Remarkably, the glittering star of Rio hasn’t been beaten in an all-around competition since her senior debut in 2013, during which time she won 19 world championship gold medals. She is expected to excel once more in Tokyo, perhaps even topping her haul of four gold medals in Rio. If she makes it five this time around, she’ll match Larisa Latynina’s all-time gymnastics record of nine, a tally the Soviet woman reached at the 1964 Olympics.

The Texan talked ahead of these Games about wanting to try the “unimaginable” in her sport, so she may well add to the four unique gymnastics elements already named after her. Sit and marvel – she’ll be unmissable.

Kenya’s Eliud Kipchoge runs in the elite men’s race of the 2020 London Marathon on October 4th, 2020. Photograph: Richard Heathcote/Pool/AFP via Getty Images
Kenya’s Eliud Kipchoge runs in the elite men’s race of the 2020 London Marathon on October 4th, 2020. Photograph: Richard Heathcote/Pool/AFP via Getty Images

ELIUD KIPCHOGE
Age:
36
Event: Marathon
Country: Kenya
Olympic Medals: 3 (bronze in the 5000m in 2004, silver in the 5000m in 2008, and gold in the marathon in 2016).

Ethiopia’s Abebe Bikila did it in 1960 and 1964, East Germany’s Waldemar Cierpinski achieved the feat in 1976 and 1980, and now Kenya’s Eliud Kipchoge will try to add his name to that exalted roll of honour – ie win the men’s marathon in successive Olympic Games.

His eighth-place finish in last October’s London Marathon was only the second time since 2013 that he was beaten at the distance – proving that he was mortal after all. But the world record holder, his 2:01:39 mark set in Berlin in 2018, is still strongly fancied to retain his Olympic title. He’s unlikely, though, to break that two-hour barrier, as he very famously (unofficially) did in Vienna two years ago.

Allyson Felix competes in the Women’s 200m semi-finals during the 2020 US Olympic Track & Field Team Trials in Eugene, Oregon in June. Photograph: Patrick Smith/Getty Images
Allyson Felix competes in the Women’s 200m semi-finals during the 2020 US Olympic Track & Field Team Trials in Eugene, Oregon in June. Photograph: Patrick Smith/Getty Images

ALLYSON FELIX
Age:
35
Event: Athletics
Country: United States
Olympic Medals: 9

The Californian proved to be as formidable off the track as on it over the last few years, not least when she publicly shamed Nike for threatening to cut her pay when she became pregnant with her daughter, forcing the company to back down and change its maternity policy.
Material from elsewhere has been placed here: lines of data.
lemma sp_full_attach_apices:
  assumes "sp_full V E" "finite F" "F \<subseteq> E"
    and "inj_on p F" "inj_on q F" "p ` F \<inter> V = {}" "q ` F \<inter> V = {}" "p ` F \<inter> q ` F = {}"
  shows "sp_full (V \<union> p ` F \<union> q ` F) (E \<union> (\<Union>e\<in>F. {{x, p e} | x. x \<in> e} \<union> {{x, q e} | x. x \<in> e}))"
  using assms(2-)
proof (induction F rule: finite_induct)
  case empty
  then show ?case using assms(1) by simp
next
  case (insert e F)
  define V' where "V' = V \<union> p ` F \<union> q ` F"
  define E' where "E' = E \<union> (\<Union>e\<in>F. {{x, p e} | x. x \<in> e} \<union> {{x, q e} | x. x \<in> e})"
  have IH: "sp_full V' E'"
    using insert unfolding V'_def E'_def by (intro insert.IH) (auto simp: inj_on_insert)
  obtain a b where e: "e = {a, b}"
    using sp_full_edge[OF assms(1)] insert.prems(1) by blast
  have "{a, b} \<in> E'"
    using insert.prems(1) e unfolding E'_def by blast
  moreover have "p e \<notin> V'" "q e \<notin> insert (p e) V'"
    using insert.hyps(2) insert.prems(2-6) unfolding V'_def by (auto simp: inj_on_insert)
  ultimately have "sp_full (insert (q e) (insert (p e) V'))
      (E' \<union> {{p e, a}, {p e, b}} \<union> {{q e, a}, {q e, b}})"
    using IH by (intro sp_full.step) auto
  moreover have "insert (q e) (insert (p e) V') = V \<union> p ` insert e F \<union> q ` insert e F"
    unfolding V'_def by auto
  moreover have "E' \<union> {{p e, a}, {p e, b}} \<union> {{q e, a}, {q e, b}} =
      E \<union> (\<Union>e\<in>insert e F. {{x, p e} | x. x \<in> e} \<union> {{x, q e} | x. x \<in> e})"
    unfolding E'_def e by (auto simp: insert_commute)
  ultimately show ?case by simp
qed

section \<open>The layered diamond graphs\<close>

text \<open>The two poles of D_0 are the codes of (0, b); the vertex
  that D_(m+1) places on the edge e of D_m is the code of (m+1, ((min e, max e), b)), so its
  level is m+1 and its parent is the endpoint min e of e, whose level is at most m.\<close>

definition pole :: "bool \<Rightarrow> nat" where
  "pole b = prod_encode (0, of_bool b)"

definition apex :: "nat \<Rightarrow> bool \<Rightarrow> nat set \<Rightarrow> nat" where
  "apex m b e = prod_encode (Suc m, prod_encode (prod_encode (Min e, Max e), of_bool b))"

definition level :: "nat \<Rightarrow> nat" where
  "level v = fst (prod_decode v)"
It was a notable triumph for Felix, but she has become accustomed to succeeding. She has already won more Olympic medals than any female United States athlete, and if she can add two more to her collection in Tokyo – she’ll run in the 400m and possibly the 400m women’s and mixed-gender relays – she’ll overtake Carl Lewis as the most successful American athlete in the history of the Olympic Games.

US skateboarder Nyjah Huston competes during the Street World Championships 2021 street skateboarding event in Rome in June. Photograph: Tiziana Fabi/AFP via Getty Images
US skateboarder Nyjah Huston competes during the Street World Championships 2021 street skateboarding event in Rome in June. Photograph: Tiziana Fabi/AFP via Getty Images

NYJAH HUSTON
Age:
26
Event: Skateboarding
Country: United States
Olympic Medals: 0

The Californian is the world’s highest-paid skateboarder, with over 20 major sponsors to his name, including Nike and Doritos, and is the most successful “street” skater in the sport’s history – and now he’s the favourite to win the event in its first appearance at the Olympics.

While an eyebrow or two was raised when skateboarding made it in to the Olympic programme, not least from some of its own adherents who didn’t want to see it go down the sporting “establishment” route, Huston is embracing the challenge. True, he has complained about the “cardboard” beds in the Olympic village, but he also noted that he and his fellow skaters “are not worried about hooking up with chicks – we’re at the f***ing Olympics to focus and beast up”. Skate-speak, that.